CasperLabs Releases Node 0.3

Medha Parlikar
CasperLabs
Published in
4 min readMay 14, 2019
Message Propagation among peers

CasperLabs is pleased to announce the release of Node 0.3. This release introduces on disk storage of the global state and a new communications module that uses efficient block gossiping. The CasperLabs node runs smart contracts that compile to WASM. Presently, compilation targets for Rust are supported. The CasperLabs system supports the upgrading of contracts through Capability Security Model.

About This Release

The previous version of the Node used a naive block gossiping algorithm, where blocks were gossiped to all peers in the Kademlia table. This release introduces an algorithm that gossips blocks based on ‘network’ proximity, rather than all nodes, resulting in more efficient block propagation. This release also introduces the on-disk storage for the global state and blockchain, enabling nodes to use resources more effectively. Calling contracts stored on the blockchain are now easier, thanks to improved API’s.

Technical Details about the Release

New and Improved Communications Subsystem

Block Gossiping is the method by which blocks are distributed to all nodes in the network. An intra-node GossipService has been implemented based on a gRPC service definition.
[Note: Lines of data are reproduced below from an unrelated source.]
(* Let $k\ge 0$ and $n\ge 1$ be integers, and let $x=(x_1,x_2)$ and $y=(y_1,y_2)$ be distinct points of $\mathbb{Z}^2$ with $|x_1-y_1|<n-2k$ and $|x_2-y_2|<n-2k$. Then \[\pi_n\big(B_{\mathbb{Z}^2}[x,k]\cap B_{\mathbb{Z}^2}[y,k]\big)=\pi_n\big(B_{\mathbb{Z}^2}[x,k]\big)\cap\pi_n\big(B_{\mathbb{Z}^2}[y,k]\big).\]
   Context: $\mathbb{Z}^2$ carries the $l^1$ metric $d((a,b),(a',b'))=|a-a'|+|b-b'|$, and $B_{\mathbb{Z}^2}[x,k]=\{z\in\mathbb{Z}^2: d(x,z)\le k\}$. $\pi_n:\mathbb{Z}^2\to\mathbb{Z}^2/(n\mathbb{Z}\times n\mathbb{Z})$ is the quotient map reducing both coordinates mod $n$. *)

theory Defs
  imports Main
begin

definition l1dist :: "int \<times> int \<Rightarrow> int \<times> int \<Rightarrow> int" where
  "l1dist p q = \<bar>fst p - fst q\<bar> + \<bar>snd p - snd q\<bar>"

definition ballZ2 :: "int \<times> int \<Rightarrow> int \<Rightarrow> (int \<times> int) set" where
  "ballZ2 x k = {z. l1dist x z \<le> k}"

text \<open>Quotient map Z^2 \<rightarrow> Z^2/(nZ \<times> nZ); a class is represented by the pair of
  canonical residues in {0..n-1}.\<close>
definition pi_n :: "int \<Rightarrow> int \<times> int \<Rightarrow> int \<times> int" where
  "pi_n n p = (fst p mod n, snd p mod n)"

end

theory Submission
  imports Defs
begin

text \<open>Any two points of \<open>B[x,k] \<union> B[y,k]\<close> differ in the \<open>i\<close>-th coordinate by at most
  \<open>2k + |x\<^sub>i - y\<^sub>i| < n\<close>, so \<open>\<pi>\<^sub>n\<close> is injective on that union, and an injective map
  commutes with intersections. Only the two coordinate hypotheses are needed.\<close>

lemma mod_eq_imp_eq_if_abs_diff_less:
  fixes a b n :: int
  assumes "a mod n = b mod n" and "\<bar>a - b\<bar> < n"
  shows "a = b"
  using assms dvd_imp_le_int[of "a - b" n] by (auto simp: mod_eq_dvd_iff)

lemma inj_on_pi_n:
  assumes "\<And>p q. p \<in> S \<Longrightarrow> q \<in> S \<Longrightarrow> \<bar>fst p - fst q\<bar> < n \<and> \<bar>snd p - snd q\<bar> < n"
  shows "inj_on (pi_n n) S"
  using assms mod_eq_imp_eq_if_abs_diff_less
  unfolding inj_on_def pi_n_def by (metis prod.expand prod.inject)

lemma ballZ2_coordinate_bounds:
  assumes "z \<in> ballZ2 x k"
  shows "\<bar>fst z - fst x\<bar> \<le> k" and "\<bar>snd z - snd x\<bar> \<le> k"
  using assms by (auto simp: ballZ2_def l1dist_def)

lemma ballZ2_coordinate_dist:
  assumes "p \<in> ballZ2 c k" and "q \<in> ballZ2 d k"
  shows "\<bar>fst p - fst q\<bar> \<le> \<bar>fst c - fst d\<bar> + 2 * k"
    and "\<bar>snd p - snd q\<bar> \<le> \<bar>snd c - snd d\<bar> + 2 * k"
  using ballZ2_coordinate_bounds[OF assms(1)] ballZ2_coordinate_bounds[OF assms(2)]
  by (simp_all add: abs_le_iff) linarith+

lemma ballZ2_union_coordinate_dist:
  assumes "p \<in> ballZ2 x k \<union> ballZ2 y k" and "q \<in> ballZ2 x k \<union> ballZ2 y k"
  shows "\<bar>fst p - fst q\<bar> \<le> \<bar>fst x - fst y\<bar> + 2 * k"
    and "\<bar>snd p - snd q\<bar> \<le> \<bar>snd x - snd y\<bar> + 2 * k"
  using assms ballZ2_coordinate_dist[of p x k q y] ballZ2_coordinate_dist[of p y k q x]
    ballZ2_coordinate_dist[of p x k q x] ballZ2_coordinate_dist[of p y k q y]
  by (auto simp: abs_minus_commute)

lemma inj_on_pi_n_ballZ2_union:
  assumes "\<bar>fst x - fst y\<bar> < n - 2 * k" and "\<bar>snd x - snd y\<bar> < n - 2 * k"
  shows "inj_on (pi_n n) (ballZ2 x k \<union> ballZ2 y k)"
  using assms ballZ2_union_coordinate_dist by (intro inj_on_pi_n) (smt (verit))

theorem lemma5p4:
  fixes k n :: int and x y :: "int \<times> int"
  assumes "k \<ge> 0" and "n \<ge> 1" and "x \<noteq> y"
    and "\<bar>fst x - fst y\<bar> < n - 2 * k"
    and "\<bar>snd x - snd y\<bar> < n - 2 * k"
  shows "pi_n n ` (ballZ2 x k \<inter> ballZ2 y k) = pi_n n ` ballZ2 x k \<inter> pi_n n ` ballZ2 y k"
  using inj_on_pi_n_ballZ2_union[OF assms(4,5)] by (rule inj_on_image_Int) auto

end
Gossiping is more focused and efficient now in that it:

  1. Requests only the blocks they determine they need for syncing with another nodes DAG;
  2. Streams only block summary (not the entire block) information needed to determine a block’s existence in a node’s DAG and identify the parent blocks;
  3. A Download Manager schedules the streamed block summary so the entire block can be download at an efficient time;
  4. The Download Manager also polls other nodes for the block so that parallel downloads can be used if desired;
  5. The Download Manager is configurable so Node operators can effectively manage their resources;
  6. Uses iterative streaming, starting at the DAG tips and continuing until it reaches the Genesis Block (entire DAG) or a common ancestor (partial DAG);
  7. The network makes use of Kademlia’s standard protocols to “gossip” a given block to the smallest number of nodes necessary and yet ensure every node will eventually receive every block.
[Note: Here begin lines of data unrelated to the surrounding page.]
(* Let $R$ be a ring. Let $(M_\alpha,\varphi_{\alpha\beta})$ be an inverse system of injective left $R$-modules indexed by a countable upward directed poset $I$, with surjective homomorphisms $\varphi_{\alpha\beta}:M_\beta\to M_\alpha$ ($\alpha\le\beta$), and let $M=\varprojlim M_\alpha$ with canonical maps $\pi_\alpha:M\to M_\alpha$. Let $(N_\gamma,\psi_{\delta\gamma})$ be a direct system of projective left $R$-modules indexed by a countable upward directed poset $J$, with one-to-one homomorphisms $\psi_{\delta\gamma}:N_\gamma\to N_\delta$ ($\gamma\le\delta$), and let $N=\varinjlim N_\gamma$ with canonical maps $\iota_\gamma:N_\gamma\to N$. Then for any $\gamma\in J$, $\alpha\in I$ and any homomorphism $f:N_\gamma\to M_\alpha$, there exists a homomorphism $h:N\to M$ such that $f=\pi_\alpha\circ h\circ\iota_\gamma$.
   Context: Rings are associative with unit, modules are unital. In both the direct and inverse systems the index sets are upward directed; connecting maps of the inverse system go from higher to lower indices, those of the direct system from lower to higher indices. *)

theory Defs
  imports "HOL-Algebra.Module" "HOL-Library.Countable_Set"
begin

text \<open>HOL-Algebra's locale module requires a commutative ring, so left modules
over an arbitrary associative unital ring are defined here.\<close>

definition left_module :: "('a, 'r) ring_scheme \<Rightarrow> ('a, 'b, 'm) module_scheme \<Rightarrow> bool" where
  "left_module R M \<longleftrightarrow> ring R \<and> abelian_group M \<and>
     (\<forall>a\<in>carrier R. \<forall>x\<in>carrier M. a \<odot>\<^bsub>M\<^esub> x \<in> carrier M) \<and>
     (\<forall>a\<in>carrier R. \<forall>b\<in>carrier R. \<forall>x\<in>carrier M.
        (a \<oplus>\<^bsub>R\<^esub> b) \<odot>\<^bsub>M\<^esub> x = (a \<odot>\<^bsub>M\<^esub> x) \<oplus>\<^bsub>M\<^esub> (b \<odot>\<^bsub>M\<^esub> x)) \<and>
     (\<forall>a\<in>carrier R. \<forall>x\<in>carrier M. \<forall>y\<in>carrier M.
        a \<odot>\<^bsub>M\<^esub> (x \<oplus>\<^bsub>M\<^esub> y) = (a \<odot>\<^bsub>M\<^esub> x) \<oplus>\<^bsub>M\<^esub> (a \<odot>\<^bsub>M\<^esub> y)) \<and>
     (\<forall>a\<in>carrier R. \<forall>b\<in>carrier R. \<forall>x\<in>carrier M.
        (a \<otimes>\<^bsub>R\<^esub> b) \<odot>\<^bsub>M\<^esub> x = a \<odot>\<^bsub>M\<^esub> (b \<odot>\<^bsub>M\<^esub> x)) \<and>
     (\<forall>x\<in>carrier M. \<one>\<^bsub>R\<^esub> \<odot>\<^bsub>M\<^esub> x = x)"

definition mod_hom ::
  "('a, 'r) ring_scheme \<Rightarrow> ('a, 'b, 'm) module_scheme \<Rightarrow> ('a, 'c, 'n) module_scheme \<Rightarrow> ('b \<Rightarrow> 'c) set" where
  "mod_hom R M N = {f. f \<in> carrier M \<rightarrow> carrier N \<and>
     (\<forall>x\<in>carrier M. \<forall>y\<in>carrier M. f (x \<oplus>\<^bsub>M\<^esub> y) = f x \<oplus>\<^bsub>N\<^esub> f y) \<and>
     (\<forall>a\<in>carrier R. \<forall>x\<in>carrier M. f (a \<odot>\<^bsub>M\<^esub> x) = a \<odot>\<^bsub>N\<^esub> f x)}"

text \<open>In HOL a definition cannot quantify over all types, so the defining
extension/lifting properties are stated relative to test modules whose
carriers live in given types 'x and 'y.\<close>

definition injective_module_wrt ::
  "'x itself \<Rightarrow> 'y itself \<Rightarrow> ('a, 'r) ring_scheme \<Rightarrow> ('a, 'b, 'm) module_scheme \<Rightarrow> bool" where
  "injective_module_wrt (tx :: 'x itself) (ty :: 'y itself) R Q \<longleftrightarrow> left_module R Q \<and>
     (\<forall>(A :: ('a, 'x) module) (B :: ('a, 'y) module) i f.
        left_module R A \<and> left_module R B \<and> i \<in> mod_hom R A B \<and> inj_on i (carrier A) \<and>
        f \<in> mod_hom R A Q \<longrightarrow>
        (\<exists>g\<in>mod_hom R B Q. \<forall>x\<in>carrier A. g (i x) = f x))"

definition projective_module_wrt ::
  "'x itself \<Rightarrow> 'y itself \<Rightarrow> ('a, 'r) ring_scheme \<Rightarrow> ('a, 'b, 'm) module_scheme \<Rightarrow> bool" where
  "projective_module_wrt (tx :: 'x itself) (ty :: 'y itself) R P \<longleftrightarrow> left_module R P \<and>
     (\<forall>(B :: ('a, 'x) module) (C :: ('a, 'y) module) g f.
        left_module R B \<and> left_module R C \<and> g \<in> mod_hom R B C \<and> g ` carrier B = carrier C \<and>
        f \<in> mod_hom R P C \<longrightarrow>
        (\<exists>h\<in>mod_hom R P B. \<forall>x\<in>carrier P. g (h x) = f x))"

text \<open>Injectivity: test modules on the ring's own element type suffice (Baer's
criterion: left ideals into R). Projectivity: test with the free module on the
carrier of P (finitely supported functions 'b => 'a) surjecting onto P. So these
are equivalent to the usual (type-unrestricted) notions.\<close>

definition injective_module :: "('a, 'r) ring_scheme \<Rightarrow> ('a, 'b, 'm) module_scheme \<Rightarrow> bool" where
  "injective_module R Q \<longleftrightarrow> injective_module_wrt TYPE('a) TYPE('a) R Q"

definition projective_module :: "('a, 'r) ring_scheme \<Rightarrow> ('a, 'b, 'm) module_scheme \<Rightarrow> bool" where
  "projective_module R P \<longleftrightarrow> projective_module_wrt TYPE('b \<Rightarrow> 'a) TYPE('b) R P"

definition directed_poset :: "'i set \<Rightarrow> ('i \<Rightarrow> 'i \<Rightarrow> bool) \<Rightarrow> bool" where
  "directed_poset I leq \<longleftrightarrow> I \<noteq> {} \<and>
     (\<forall>a\<in>I. leq a a) \<and>
     (\<forall>a\<in>I. \<forall>b\<in>I. leq a b \<and> leq b a \<longrightarrow> a = b) \<and>
     (\<forall>a\<in>I. \<forall>b\<in>I. \<forall>c\<in>I. leq a b \<and> leq b c \<longrightarrow> leq a c) \<and>
     (\<forall>a\<in>I. \<forall>b\<in>I. \<exists>c\<in>I. leq a c \<and> leq b c)"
This new paradigm uses fewer resources by not flooding the network with gossiped blocks, not choking a node with block downloads and iteratively streaming only the block information nodes need to keep their DAGs in sync.

State storage on disk

Blockchain nodes must run reliably and consume physical resources efficiently. Part of the node architecture must involve the storage of data on disk. This release introduces storage of the global state and the blockchain data on disk.

The BlockStore and BlockDAG storage work in conjunction and are updated in an atomic way. They function virtually as one storage mechanism to represent the state of the DAG.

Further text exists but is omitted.